WTF why am I in the Atlanta airport?
Yeah i mean there's 3 guys fighting over me. It would just be bitchy of me not to get with at least 1.
She sang Bad Romance to me. Not really the answer I was looking for.
True friendship; bangin a girl to get ur friends hat back
Got one of only two perfect scores in the class on the quiz I took drunk. This is not a good thing for me to have learned about myself.
He poured all of the vodka into the sweet tea and said that tomorrow it would be called 'surprise drunk.' then we had sex.

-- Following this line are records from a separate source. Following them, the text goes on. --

text \<open>The group \<Gamma> is written additively
 (class group_add, not necessarily commutative): identity 0, product +,
 inverse uminus.\<close>

definition idempotents :: "'s set \<Rightarrow> ('s \<Rightarrow> 's \<Rightarrow> 's) \<Rightarrow> 's set" where
  "idempotents C m = {x \<in> C. m x x = x}"

definition has_local_units :: "'s set \<Rightarrow> ('s \<Rightarrow> 's \<Rightarrow> 's) \<Rightarrow> bool" where
  "has_local_units C m \<longleftrightarrow>
     (\<forall>s\<in>C. \<exists>u\<in>idempotents C m. \<exists>v\<in>idempotents C m. m u s = s \<and> m s v = s)"

definition is_graded :: "'s set \<Rightarrow> ('s \<Rightarrow> 's \<Rightarrow> 's) \<Rightarrow> 's \<Rightarrow> ('s \<Rightarrow> 'g::group_add) \<Rightarrow> bool" where
  "is_graded C m z deg \<longleftrightarrow>
     (\<forall>s\<in>C. \<forall>t\<in>C. s \<noteq> z \<longrightarrow> t \<noteq> z \<longrightarrow> m s t \<noteq> z \<longrightarrow> deg (m s t) = deg s + deg t)"

definition component :: "'s set \<Rightarrow> 's \<Rightarrow> ('s \<Rightarrow> 'g) \<Rightarrow> 'g \<Rightarrow> 's set" where
  "component C z deg \<alpha> = {s \<in> C. s \<noteq> z \<and> deg s = \<alpha>} \<union> {z}"

definition set_prod :: "('s \<Rightarrow> 's \<Rightarrow> 's) \<Rightarrow> 's set \<Rightarrow> 's set \<Rightarrow> 's set" where
  "set_prod m A B = {m a b | a b. a \<in> A \<and> b \<in> B}"

definition strongly_graded :: "'s set \<Rightarrow> ('s \<Rightarrow> 's \<Rightarrow> 's) \<Rightarrow> 's \<Rightarrow> ('s \<Rightarrow> 'g::group_add) \<Rightarrow> bool" where
  "strongly_graded C m z deg \<longleftrightarrow>
     (\<forall>\<alpha> \<beta>. set_prod m (component C z deg \<alpha>) (component C z deg \<beta>)
              = component C z deg (\<alpha> + \<beta>))"

definition inverse_semigroup :: "'s set \<Rightarrow> ('s \<Rightarrow> 's \<Rightarrow> 's) \<Rightarrow> bool" where
  "inverse_semigroup C m \<longleftrightarrow>
     (\<forall>s\<in>C. \<exists>!t. t \<in> C \<and> m (m s t) s = s \<and> m (m t s) t = t)"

I thought he was joking about the hundred beer challenge until two guys showed up with a camera and boom mic. This cabin party is going to be fucked
i dont trust my judgment anymore so im only going to fuck guys who can donate blood at the red cross. they have standards.
Nothing quite like coming out of an alcohol induced blackout walking down Spruill Avenue carrying a silver briefcase full of IT tools you don't know where they came from. This is my life.

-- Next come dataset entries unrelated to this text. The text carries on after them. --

lemma sign_mult_Uvec_summand:
  assumes sign: "0 \<le> s * \<rho> j"
  shows "0 \<le> s * ((1 - zeta c \<gamma> \<nu> j) / Theta c \<gamma> \<nu> j * Mmat c \<gamma> \<nu> \<rho> k j)"
    and "s * \<rho> j \<noteq> 0 \<Longrightarrow> 0 < s * ((1 - zeta c \<gamma> \<nu> j) / Theta c \<gamma> \<nu> j * Mmat c \<gamma> \<nu> \<rho> k j)"
proof -
  define coeff where "coeff = (1 - zeta c \<gamma> \<nu> j) / Theta c \<gamma> \<nu> j * \<nu> j * pmat c \<gamma> \<nu> k j"
  have coeff_pos: "0 < coeff"
    using zeta_less_1[of j] Theta_pos[of j] \<nu>_pos[of j] pmat_pos[of k j] by (simp add: coeff_def)
  have summand_eq:
    "s * ((1 - zeta c \<gamma> \<nu> j) / Theta c \<gamma> \<nu> j * Mmat c \<gamma> \<nu> \<rho> k j) = coeff * (s * \<rho> j)"
    by (simp add: coeff_def Mmat_def ac_simps)
  show "0 \<le> s * ((1 - zeta c \<gamma> \<nu> j) / Theta c \<gamma> \<nu> j * Mmat c \<gamma> \<nu> \<rho> k j)"
    unfolding summand_eq using coeff_pos sign by simp
  show "0 < s * ((1 - zeta c \<gamma> \<nu> j) / Theta c \<gamma> \<nu> j * Mmat c \<gamma> \<nu> \<rho> k j)"
    if "s * \<rho> j \<noteq> 0"
    unfolding summand_eq using coeff_pos sign that by (simp add: zero_less_mult_iff less_le)
qed

context
  fixes \<rho> :: "'n \<Rightarrow> real"
  assumes \<rho>_bounds: "\<And>i. -1 < \<rho> i \<and> \<rho> i < 1"
begin

lemma sum_rho_sq_less_card: "(\<Sum>i\<in>UNIV. (\<rho> i)\<^sup>2) < real CARD('n)"
proof -
  have "(\<Sum>i\<in>UNIV. (\<rho> i)\<^sup>2) < (\<Sum>i\<in>(UNIV::'n set). 1)"
    using \<rho>_bounds by (intro sum_strict_mono) (auto simp: abs_square_less_1 abs_less_iff)
  then show ?thesis
    by simp
qed

lemma varphi_pos: "0 < varphi c \<gamma> \<nu> \<rho> k"
proof -
  have "0 \<le> (\<rho> k)\<^sup>2 * zeta c \<gamma> \<nu> k"
    using zeta_pos[of k] by simp
  then have "0 < real CARD('n) * varphi c \<gamma> \<nu> \<rho> k"
    using card_mult_varphi[of \<rho> k] sum_rho_sq_less_card by linarith
  then show ?thesis
    by (simp add: zero_less_mult_iff)
qed

lemma weighted_substochastic_Lmat: "weighted_substochastic (Lmat c \<gamma> \<nu> \<rho>) (varphi c \<gamma> \<nu> \<rho>)"
proof
  show "0 \<le> Lmat c \<gamma> \<nu> \<rho> $ k $ j" for k j
    unfolding Lmat_def using zeta_pos[of j] pmat_pos[of k j] varphi_pos[of k] Theta_pos[of j]
    by simp
  show "0 < varphi c \<gamma> \<nu> \<rho> k" for k
    by (rule varphi_pos)
  show "(\<Sum>k\<in>UNIV. varphi c \<gamma> \<nu> \<rho> k * Lmat c \<gamma> \<nu> \<rho> $ k $ j) < varphi c \<gamma> \<nu> \<rho> j" for j
  proof -
    have "(\<Sum>k\<in>UNIV. varphi c \<gamma> \<nu> \<rho> k * Lmat c \<gamma> \<nu> \<rho> $ k $ j)
        = (\<Sum>k\<in>UNIV. (\<rho> j)\<^sup>2 * zeta c \<gamma> \<nu> j / (real CARD('n) * Theta c \<gamma> \<nu> j) * pmat c \<gamma> \<nu> k j)"
      unfolding Lmat_def using varphi_pos[THEN less_imp_neq, THEN not_sym]
      by (intro sum.cong) (simp_all add: field_simps)
    also have "\<dots> = (\<rho> j)\<^sup>2 * zeta c \<gamma> \<nu> j / (real CARD('n) * Theta c \<gamma> \<nu> j) * Theta c \<gamma> \<nu> j"
      unfolding Theta_def sum_distrib_left ..
    also have "\<dots> = (\<rho> j)\<^sup>2 * zeta c \<gamma> \<nu> j / real CARD('n)"
      using Theta_pos[of j] by simp
    also have "\<dots> < varphi c \<gamma> \<nu> \<rho> j"
      using card_mult_varphi[of \<rho> j] sum_rho_sq_less_card by (simp add: field_simps)
    finally show ?thesis .
  qed
qed

lemma Vvec_pos: "0 < \<sigma> \<Longrightarrow> 0 < Vvec \<sigma> c \<gamma> \<nu> \<rho> $ k"
  unfolding Vvec_def using varphi_pos[of k] \<gamma>_pos[of k] by simp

Well, I just did coke with a drag queen in a bathroom so that's the direction this night is taking
Found out last night that "Everclear" is Spanish for "shit got weird"...

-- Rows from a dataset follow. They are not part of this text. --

(* Let $G$ be a finite group such that $|Z(G)|$ has at least two distinct prime divisors. Then the difference graph $\mathcal{D}(G)$ is connected if and only if $G$ is not isomorphic to $\mathbb{Z}_{pq}$ for primes $p,q$. Moreover, when $\mathcal{D}(G)$ is connected, its diameter is at most $6$.
   Context: For a finite group $G$ with identity $e$: the intersection power graph $\mathcal{G}_I(G)$ has vertex set $G$, two distinct non-identity vertices $x,y$ being adjacent iff $\langle x\rangle\cap\langle y\rangle\neq\{e\}$, and $e$ being adjacent to every other vertex. The power graph $\mathcal{P}(G)$ has vertex set $G$, two distinct vertices being adjacent iff one is a power of the other. The difference graph $\mathcal{D}(G)$ is the graph on vertex set $G$ with edge set $E(\mathcal{G}_I(G))\setminus E(\mathcal{P}(G))$, with all isolated vertices removed. $Z(G)$ denotes the center of $G$. *)

theory Defs
  imports "HOL-Algebra.Algebra" "HOL-Computational_Algebra.Primes"
begin

definition grp_center :: "('a, 'b) monoid_scheme \<Rightarrow> 'a set" where
  "grp_center G = {z \<in> carrier G. \<forall>x \<in> carrier G. z \<otimes>\<^bsub>G\<^esub> x = x \<otimes>\<^bsub>G\<^esub> z}"

definition ipg_edge :: "('a, 'b) monoid_scheme \<Rightarrow> 'a \<Rightarrow> 'a \<Rightarrow> bool" where
  "ipg_edge G x y \<longleftrightarrow> x \<in> carrier G \<and> y \<in> carrier G \<and> x \<noteq> y \<and>
     (x = \<one>\<^bsub>G\<^esub> \<or> y = \<one>\<^bsub>G\<^esub> \<or>
      generate G {x} \<inter> generate G {y} \<noteq> {\<one>\<^bsub>G\<^esub>})"

definition pg_edge :: "('a, 'b) monoid_scheme \<Rightarrow> 'a \<Rightarrow> 'a \<Rightarrow> bool" where
  "pg_edge G x y \<longleftrightarrow> x \<in> carrier G \<and> y \<in> carrier G \<and> x \<noteq> y \<and>
     ((\<exists>k::int. y = x [^]\<^bsub>G\<^esub> k) \<or> (\<exists>k::int. x = y [^]\<^bsub>G\<^esub> k))"

definition diff_edge :: "('a, 'b) monoid_scheme \<Rightarrow> 'a \<Rightarrow> 'a \<Rightarrow> bool" where
  "diff_edge G x y \<longleftrightarrow> ipg_edge G x y \<and> \<not> pg_edge G x y"

definition diff_vertices :: "('a, 'b) monoid_scheme \<Rightarrow> 'a set" where
  "diff_vertices G = {x \<in> carrier G. \<exists>y. diff_edge G x y}"

text \<open>Walks in a graph given by an edge relation: a list of vertices, consecutive
  ones adjacent.  A walk from u to v of length n (n edges).\<close>
definition is_walk :: "('a \<Rightarrow> 'a \<Rightarrow> bool) \<Rightarrow> 'a list \<Rightarrow> 'a \<Rightarrow> 'a \<Rightarrow> bool" where
  "is_walk E xs u v \<longleftrightarrow> xs \<noteq> [] \<and> hd xs = u \<and> last xs = v \<and>
     (\<forall>i. Suc i < length xs \<longrightarrow> E (xs ! i) (xs ! Suc i))"

definition graph_connected :: "'a set \<Rightarrow> ('a \<Rightarrow> 'a \<Rightarrow> bool) \<Rightarrow> bool" where
  "graph_connected V E \<longleftrightarrow> V \<noteq> {} \<and> (\<forall>u\<in>V. \<forall>v\<in>V. \<exists>xs. is_walk E xs u v)"

definition graph_diam_le :: "'a set \<Rightarrow> ('a \<Rightarrow> 'a \<Rightarrow> bool) \<Rightarrow> nat \<Rightarrow> bool" where
  "graph_diam_le V E d \<longleftrightarrow>
     (\<forall>u\<in>V. \<forall>v\<in>V. \<exists>xs. is_walk E xs u v \<and> length xs \<le> Suc d)"

end

theory Submission
  imports Defs "HOL-Algebra.Multiplicative_Group"
begin

(*
  Choose central elements a, b of the distinct prime orders p, q (Cauchy's theorem in Z(G)) and
  put h = ab.  Then <h> is cyclic of order pq, every non-trivial subgroup of <h> contains a or b,
  and a vertex w outside <h> is adjacent to h in D(G) iff <w> contains exactly one of a and b.
  Every vertex x of D(G) reaches h in at most three steps: if <x> meets <h> trivially, go through
  ua or ub for some u of prime order in <x>; otherwise a suitable power of x or of a neighbour of
  x, cut down to its p-part or p'-part, separates a from b.  Hence the diameter is at most 6, and
  D(G) is non-empty as soon as G <> <h>.  If G = <h> then G is cyclic of order pq; conversely in a
  group of order rs (r, s prime) cyclic subgroups meeting non-trivially are nested, so D(G) has
  no edges.
*)

hide_const (open) Divisibility.prime

section \<open>Walks of bounded length\<close>

lemma is_walk_Cons_Cons:
  "is_walk E (x # y # zs) u v \<longleftrightarrow> x = u \<and> E x y \<and> is_walk E (y # zs) y v"
  unfolding is_walk_def by (auto simp: All_less_Suc2)

definition reachable_within :: "('a \<Rightarrow> 'a \<Rightarrow> bool) \<Rightarrow> nat \<Rightarrow> 'a \<Rightarrow> 'a \<Rightarrow> bool" where
  "reachable_within E n u v \<longleftrightarrow> (\<exists>xs. is_walk E xs u v \<and> length xs \<le> Suc n)"

lemma graph_diam_le_iff_reachable_within:
  "graph_diam_le V E d \<longleftrightarrow> (\<forall>u\<in>V. \<forall>v\<in>V. reachable_within E d u v)"
  unfolding graph_diam_le_def reachable_within_def ..

lemma reachable_within_refl: "reachable_within E n u u"
  unfolding reachable_within_def is_walk_def by (rule exI[of _ "[u]"]) simp

lemma reachable_within_Cons:
  assumes "E u v" and "reachable_within E n v w"
  shows "reachable_within E (Suc n) u w"
proof -
  obtain xs where xs: "is_walk E xs v w" "length xs \<le> Suc n"
    using assms(2) unfolding reachable_within_def by blast
  then obtain ys where "xs = v # ys" unfolding is_walk_def by (cases xs) auto
  then have "is_walk E (u # xs) u w" using xs(1) assms(1) by (simp add: is_walk_Cons_Cons)
  then show ?thesis using xs(2) unfolding reachable_within_def by fastforce
qed

lemma reachable_within_edge: "E u v \<Longrightarrow> reachable_within E (Suc n) u v"
  using reachable_within_Cons[OF _ reachable_within_refl] .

I have a theory that years from now they will be with women who despise me because of what I trained their husbands to like.
Sounds like either a very good Friday night or a very bad Saturday morning.
You seemed underwhelmed by my smooth, smooth ass
I’ve chosen to watch a Mercedes station wagon drive around the Austrian in the rain because it’s live sports. If that doesn’t explain 2020, I don’t know what does.